Development of antibody research may help prevent sepsis induced by COVID-19

Summary: Researchers have developed a novel antibody strategy to prevent the association between a harmless protein and a disease mediator that could lead to sepsis, and ultimately death. The findings could help to prevent sepsis induced by COVID-19 infections.

Source: Feinstein Institute For Medical Research

Sepsis is a life-threatening illness caused by the human body’s immune response to infection, however if the body overreacts it can lead to death. Nearly 270,000 deaths occur in the United States annually related to sepsis.

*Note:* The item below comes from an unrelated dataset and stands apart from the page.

(* Assume the language contains infinitely many atoms (of a given sort) and no restriction is placed on the atoms allowed in generalizations. Then anti-unification for nominal terms-in-context is of nullary type: there exist two terms-in-context $p_1,p_2$ that have no minimal complete set of generalizations (in particular, they have no least general generalization).
   Context: Nominal terms $t::=f(t_1,\dots,t_n)\mid a\mid a.t\mid \pi\cdot X$ over sorted atoms $a,b,\dots$, variables $X,Y,\dots$ and function symbols; $\pi$ ranges over permutations (finite sequences of swappings $(a\,b)$ of same-sorted atoms), $\pi\bullet t$ is the swapping action, substitutions $\sigma$ map variables to terms (application allows atom capture and $(\pi\cdot X)\sigma=\pi\bullet(X\sigma)$). A freshness context is a finite set of constraints $a\# X$; $\nabla\vdash a\# t$ and $\nabla\vdash t\approx t'$ are the standard nominal freshness and $\alpha$-equivalence judgments (Urban–Pitts–Gabbay): $\nabla\vdash a\approx a$; $\nabla\vdash a.t\approx a.t'$ if $\nabla\vdash t\approx t'$; $\nabla\vdash a.t\approx a'.t'$ if $a\neq a'$, $\nabla\vdash t\approx(a\,a')\bullet t'$ and $\nabla\vdash a\# t'$; $\nabla\vdash\pi\cdot X\approx\pi'\cdot X$ if $a\# X\in\nabla$ for all $a$ with $\pi\bullet a\neq\pi'\bullet a$; applications componentwise; $\nabla\vdash a\# a'$ if $a\ne a'$; $\nabla\vdash a\#\pi\cdot X$ if $\pi^{-1}\bullet a\# X\in\nabla$; $a\#$ distributes over applications; $\nabla\vdash a\# a.t$; $\nabla\vdash a\# a'.t$ if $a\ne a'$ and $\nabla\vdash a\# t$. For a freshness context $\nabla$ and substitution $\sigma$, $\nabla\sigma$ is the minimal freshness context $\Delta$ with $\Delta\vdash a\# X\sigma$ for all $a\# X\in\nabla$ (computed by the standard simplification of freshness formulas; undefined/$\bot$ if none exists). $\sigma$ respects $\nabla$ if for all $X$, no atom $a$ with $a\# X\in\nabla$ occurs free in $X\sigma$ outside suspensions. A term-in-context is a pair $\langle\nabla,t\rangle$. $\langle\nabla_1,t_1\rangle\preceq\langle\nabla_2,t_2\rangle$ if there is a substitution $\sigma$ respecting $\nabla_1$ with $\nabla_1\sigma\subseteq\nabla_2$ and $\nabla_2\vdash t_1\sigma\approx t_2$. A generalization of $p_1,p_2$ is a term-in-context $p$ with $p\preceq p_1$ and $p\preceq p_2$. A complete set of generalizations of $p_1,p_2$ is a set $G$ of generalizations such that every generalization $p$ of $p_1,p_2$ satisfies $p\preceq q$ for some $q\in G$; it is minimal if no two distinct elements of $G$ are related by $\preceq$. Anti-unification is of nullary type if some pair of terms-in-context has no minimal complete set of generalizations. *)

theory Defs
  imports Main
begin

The Feinstein Institutes for Medical Research scientists have discovered the development of novel antibody strategy to effectively prevent the association between a harmless protein and a disease mediator that could lead to sepsis death. The research, led by Haichao Wang, Ph.D., professor in the Institute of Molecular Medicine at Feinstein, published today in the journal Science Translational Medicine.

In 1999, Feinstein Institutes’ researchers discovered an important mediator of lethal sepsis termed as the “high mobility group box 1” (HMGB1) protein. Investigators then began to study another protein called “tetranectin” (TN) that turns HMGB1 into a killer of the body’s immune cells. This transformation induces cell death (pyroptosis) and immunosuppression, impairing the body’s ability to eradicate microbial infections and leads to death.

Now, Feinstein Institutes’ researchers uncovered and confirmed the TN protein’s role in capturing HMGB1 and exacerbating immune cell death. With that discovery, they developed a panel of TN-specific monoclonal antibodies that prevent this harmful TN/HMGB1 interaction, reversing sepsis-induced immunosuppression and fatality.

This shows cell samples
Mice lacking tetranectin (KO) were more susceptible to tissue injury and lethal sepsis than control animals (WT). The image is credited to W. Chen et al., Science Translational Medicine.

“We were able to identify and observe this unique interaction between two proteins that ultimately lead to the body’s innate immune cell depletion and lethal consequences,” said Dr. Wang. “By developing protective antibodies, we hope to commercialize and further assess their therapeutic potential in fighting sepsis.”

The research is particularly timely, as the development of these novel antibodies could be used to prevent sepsis induced by COVID-19, commonly known as the coronavirus, and other lethal pathogens.

“Sepsis is the leading cause of death in hospitals and Dr. Wang’s research is a huge step in stopping this escalating and urgent crisis,” said Kevin J. Tracey, MD, president and CEO of the Feinstein Institutes. “His work is a new path for developing possible cures for this complex condition.”

About this coronavirus research article

Feinstein Institute For Medical Research
Media Contacts:
Matthew Libassi – Feinstein Institute For Medical Research
Image Source:
The image is credited to W. Chen et al., Science Translational Medicine.

Original Research: Open access
“Identification of tetranectin-targeting monoclonal antibodies to treat potentially lethal sepsis”. by Weiqiang Chen et al.
Science Translational Medicine doi:10.1126/scitranslmed.aaz3833.


Identification of tetranectin-targeting monoclonal antibodies to treat potentially lethal sepsis

For the clinical management of sepsis, antibody-based strategies have only been attempted to antagonize proinflammatory cytokines but not yet been tried to target harmless proteins that may interact with these pathogenic mediators. Here, we report an antibody strategy to intervene in the harmful interaction between tetranectin (TN) and a late-acting sepsis mediator, high-mobility group box 1 (HMGB1), in preclinical settings. We found that TN could bind HMGB1 to reciprocally enhance their endocytosis, thereby inducing macrophage pyroptosis and consequent release of lactate dehydrogenase and apoptosis-associated speck-like protein containing a C-terminal caspase recruitment domain. The genetic depletion of TN expression or supplementation of exogenous TN protein at subphysiological doses distinctly affected the outcomes of potentially lethal sepsis, revealing a previously underappreciated beneficial role of TN in sepsis. Furthermore, the administration of domain-specific polyclonal and monoclonal antibodies effectively inhibited TN/HMGB1 interaction and endocytosis and attenuated the sepsis-induced TN depletion and tissue injury, thereby rescuing animals from lethal sepsis. Our findings point to a possibility of developing antibody strategies to prevent harmful interactions between harmless proteins and pathogenic mediators of human diseases.